Records from a collection —
* * * *

(* Let $G$ be a finite connected groupoid with $G_0=\{e_1,\dots,e_r\}$, $A=\bigoplus_{i=1}^r A_i$ a unital ring with $A_i:=A_{e_i}$ having identity $1_i$, and $\alpha=(A_g,\alpha_g)_{g\in G}$ a unital partial action of $G$ on $A$. The following are equivalent: (i) $A\subset A\star_\alpha G$ is a separable extension; (ii) there exists $a\in C(A)$ (the center of $A$) such that $t_i(a)=1_i$ for all $i=1,\dots,r$.
   Context: A groupoid $G$ is a small category in which every morphism is invertible; $G_0$ is its object set (objects identified with identity morphisms), $s,t$ source and target; $gh$ is defined iff $s(g)=t(h)$; $G(e,f)$ is the set of morphisms from $e$ to $f$; $G$ is connected if $G(e,f)\neq\emptyset$ for all $e,f\in G_0$. A unital partial action of $G$ on $A$ is a family $\alpha=(A_g,\alpha_g)_{g\in G}$ where $A_{t(g)}$ is a two-sided ideal of $A$, $A_g=A1_g$ is a two-sided ideal of $A_{t(g)}$ with $1_g$ a central idempotent of $A$, $\alpha_g:A_{g^{-1}}\to A_g$ a ring isomorphism, such that $\alpha_e=\mathrm{id}_{A_e}$ for $e\in G_0$, $\alpha_h^{-1}(A_{g^{-1}}\cap A_h)\subseteq A_{(gh)^{-1}}$ and $\alpha_g(\alpha_h(x))=\alpha_{gh}(x)$ for $x\in\alpha_h^{-1}(A_{g^{-1}}\cap A_h)$, whenever $s(g)=t(h)$. The partial skew groupoid ring $A\star_\alpha G=\bigoplus_{g\in G}A_g\delta_g$ has multiplication $(a_g\delta_g)(b_h\delta_h)=\alpha_g(\alpha_{g^{-1}}(a_g)b_h)\delta_{gh}$ if $s(g)=t(h)$ and $0$ otherwise; it is unital with $1=\sum_{e\in G_0}1_e\delta_e$, and $A$ is regarded as a subring via $a\mapsto\sum_{e\in G_0}(a1_e)\delta_e$. Trace maps: $t_{i,j}(a)=\sum_{g\in G(e_i,e_j)}\alpha_g(a1_{g^{-1}})$ and $t_j(a)=\sum_{i=1}^r t_{i,j}(a)$ for $a\in A$. A ring extension $R\subseteq S$ is separable if the multiplication map $S\otimes_R S\to S$ splits as a map of $(S,S)$-bimodules; equivalently there exists $x\in S\otimes_R S$ with $m(x)=1_S$ and $sx=xs$ for all $s\in S$. *)

theory Defs
  imports Main
begin

text \<open>A groupoid given by its set of morphisms, its set of objects (identified with
identity morphisms), source, target, partial composition and inversion.
cmp g h is the composite gh, defined when src g = tgt h.\<close>

record 'g groupoid =
  mor  :: "'g set"
  obj  :: "'g set"
  src  :: "'g \<Rightarrow> 'g"
  tgt  :: "'g \<Rightarrow> 'g"
  cmp  :: "'g \<Rightarrow> 'g \<Rightarrow> 'g"
  ginv :: "'g \<Rightarrow> 'g"

definition is_groupoid :: "'g groupoid \<Rightarrow> bool" where
  "is_groupoid G \<longleftrightarrow>
     obj G \<subseteq> mor G \<and>
     (\<forall>g\<in>mor G. src G g \<in> obj G \<and> tgt G g \<in> obj G) \<and>
     (\<forall>e\<in>obj G. src G e = e \<and> tgt G e = e) \<and>
     (\<forall>g\<in>mor G. \<forall>h\<in>mor G. src G g = tgt G h \<longrightarrow>
        cmp G g h \<in> mor G \<and> src G (cmp G g h) = src G h \<and> tgt G (cmp G g h) = tgt G g) \<and>
     (\<forall>f\<in>mor G. \<forall>g\<in>mor G. \<forall>h\<in>mor G. src G f = tgt G g \<and> src G g = tgt G h \<longrightarrow>
        cmp G (cmp G f g) h = cmp G f (cmp G g h)) \<and>
     (\<forall>g\<in>mor G. cmp G g (src G g) = g \<and> cmp G (tgt G g) g = g) \<and>
     (\<forall>g\<in>mor G. ginv G g \<in> mor G \<and> src G (ginv G g) = tgt G g \<and> tgt G (ginv G g) = src G g
        \<and> cmp G g (ginv G g) = tgt G g \<and> cmp G (ginv G g) g = src G g)"

definition connected_groupoid :: "'g groupoid \<Rightarrow> bool" where
  "connected_groupoid G \<longleftrightarrow>
     (\<forall>e\<in>obj G. \<forall>f\<in>obj G. \<exists>g\<in>mor G. src G g = e \<and> tgt G g = f)"

definition hom :: "'g groupoid \<Rightarrow> 'g \<Rightarrow> 'g \<Rightarrow> 'g set" where
  "hom G e f = {g \<in> mor G. src G g = e \<and> tgt G g = f}"

text \<open>u g is the central idempotent 1_g, and A_g = A 1_g.\<close>
definition Aid :: "('g \<Rightarrow> 'a::ring_1) \<Rightarrow> 'g \<Rightarrow> 'a set" where
  "Aid u g = (\<lambda>a. a * u g) ` UNIV"

definition ring_iso_betw :: "('a::ring_1 \<Rightarrow> 'a) \<Rightarrow> 'a set \<Rightarrow> 'a set \<Rightarrow> bool" where
  "ring_iso_betw f X Y \<longleftrightarrow> bij_betw f X Y \<and>
     (\<forall>x\<in>X. \<forall>y\<in>X. f (x + y) = f x + f y \<and> f (x * y) = f x * f y)"

definition unital_partial_action ::
  "'g groupoid \<Rightarrow> ('g \<Rightarrow> 'a::ring_1) \<Rightarrow> ('g \<Rightarrow> 'a \<Rightarrow> 'a) \<Rightarrow> bool" where
  "unital_partial_action G u \<alpha> \<longleftrightarrow>
     (\<forall>g\<in>mor G. u g * u g = u g \<and> (\<forall>x. u g * x = x * u g)) \<and>
     (\<forall>g\<in>mor G. Aid u g \<subseteq> Aid u (tgt G g)) \<and>
     (\<forall>g\<in>mor G. ring_iso_betw (\<alpha> g) (Aid u (ginv G g)) (Aid u g)) \<and>
     (\<forall>e\<in>obj G. \<forall>x\<in>Aid u e. \<alpha> e x = x) \<and>
     (\<forall>g\<in>mor G. \<forall>h\<in>mor G. src G g = tgt G h \<longrightarrow>
        (\<forall>x\<in>Aid u (ginv G h). \<alpha> h x \<in> Aid u (ginv G g) \<inter> Aid u h \<longrightarrow>
            x \<in> Aid u (ginv G (cmp G g h)) \<and> \<alpha> g (\<alpha> h x) = \<alpha> (cmp G g h) x))"

text \<open>Elements of A \<star> G are represented as functions f with f g \<in> A_g for g \<in> G
and f g = 0 outside G; f corresponds to the sum of (f g) \<delta>_g.\<close>

definition skew_carrier :: "'g groupoid \<Rightarrow> ('g \<Rightarrow> 'a::ring_1) \<Rightarrow> ('g \<Rightarrow> 'a) set" where
  "skew_carrier G u = {f. (\<forall>g\<in>mor G. f g \<in> Aid u g) \<and> (\<forall>g. g \<notin> mor G \<longrightarrow> f g = 0)}"

definition skew_add :: "('g \<Rightarrow> 'a::ring_1) \<Rightarrow> ('g \<Rightarrow> 'a) \<Rightarrow> ('g \<Rightarrow> 'a)" where
  "skew_add f h = (\<lambda>k. f k + h k)"

definition skew_zero :: "'g \<Rightarrow> 'a::ring_1" where
  "skew_zero = (\<lambda>k. 0)"

definition skew_mult ::
  "'g groupoid \<Rightarrow> ('g \<Rightarrow> 'a::ring_1 \<Rightarrow> 'a) \<Rightarrow> ('g \<Rightarrow> 'a) \<Rightarrow> ('g \<Rightarrow> 'a) \<Rightarrow> ('g \<Rightarrow> 'a)" where
  "skew_mult G \<alpha> f h = (\<lambda>k. \<Sum>(g, g') \<in> {(g, g') \<in> mor G \<times> mor G. src G g = tgt G g' \<and> cmp G g g' = k}.
       \<alpha> g (\<alpha> (ginv G g) (f g) * h g'))"

definition skew_one :: "'g groupoid \<Rightarrow> ('g \<Rightarrow> 'a::ring_1) \<Rightarrow> ('g \<Rightarrow> 'a)" where
  "skew_one G u = (\<lambda>k. if k \<in> obj G then u k else 0)"

definition skew_emb :: "'g groupoid \<Rightarrow> ('g \<Rightarrow> 'a::ring_1) \<Rightarrow> 'a \<Rightarrow> ('g \<Rightarrow> 'a)" where
  "skew_emb G u a = (\<lambda>k. if k \<in> obj G then a * u k else 0)"

text \<open>Tensor product S \<otimes>_R S: formal finite sums of pairs (free abelian group on
S \<times> S, elements as integer-valued functions) modulo the subgroup generated by the
biadditivity and R-balancedness relations.\<close>

definition ind :: "'s \<times> 's \<Rightarrow> ('s \<times> 's \<Rightarrow> int)" where
  "ind p = (\<lambda>q. if q = p then 1 else 0)"

inductive_set tens_zero ::
  "'s set \<Rightarrow> ('s \<Rightarrow> 's \<Rightarrow> 's) \<Rightarrow> ('s \<Rightarrow> 's \<Rightarrow> 's) \<Rightarrow> 's set \<Rightarrow> ('s \<times> 's \<Rightarrow> int) set"
  for S :: "'s set" and add :: "'s \<Rightarrow> 's \<Rightarrow> 's" and mul :: "'s \<Rightarrow> 's \<Rightarrow> 's" and R :: "'s set"
where
  tz_zero: "(\<lambda>q. 0) \<in> tens_zero S add mul R"
| tz_left: "a \<in> S \<Longrightarrow> a' \<in> S \<Longrightarrow> b \<in> S \<Longrightarrow>
     (\<lambda>q. ind (add a a', b) q - ind (a, b) q - ind (a', b) q) \<in> tens_zero S add mul R"
| tz_right: "a \<in> S \<Longrightarrow> b \<in> S \<Longrightarrow> b' \<in> S \<Longrightarrow>
     (\<lambda>q. ind (a, add b b') q - ind (a, b) q - ind (a, b') q) \<in> tens_zero S add mul R"
| tz_bal: "a \<in> S \<Longrightarrow> r \<in> R \<Longrightarrow> b \<in> S \<Longrightarrow>
     (\<lambda>q. ind (mul a r, b) q - ind (a, mul r b) q) \<in> tens_zero S add mul R"
| tz_plus: "x \<in> tens_zero S add mul R \<Longrightarrow> y \<in> tens_zero S add mul R \<Longrightarrow>
     (\<lambda>q. x q + y q) \<in> tens_zero S add mul R"
| tz_neg: "x \<in> tens_zero S add mul R \<Longrightarrow> (\<lambda>q. - x q) \<in> tens_zero S add mul R"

* * * *

Every line in the records above that contains the word "ginv" should be copied out.

  ginv :: "'g \<Rightarrow> 'g"
     (\<forall>g\<in>mor G. ginv G g \<in> mor G \<and> src G (ginv G g) = tgt G g \<and> tgt G (ginv G g) = src G g
        \<and> cmp G g (ginv G g) = tgt G g \<and> cmp G (ginv G g) g = src G g)"
     (\<forall>g\<in>mor G. ring_iso_betw (\<alpha> g) (Aid u (ginv G g)) (Aid u g)) \<and>
        (\<forall>x\<in>Aid u (ginv G h). \<alpha> h x \<in> Aid u (ginv G g) \<inter> Aid u h \<longrightarrow>
            x \<in> Aid u (ginv G (cmp G g h)) \<and> \<alpha> g (\<alpha> h x) = \<alpha> (cmp G g h) x))"
       \<alpha> g (\<alpha> (ginv G g) (f g) * h g'))"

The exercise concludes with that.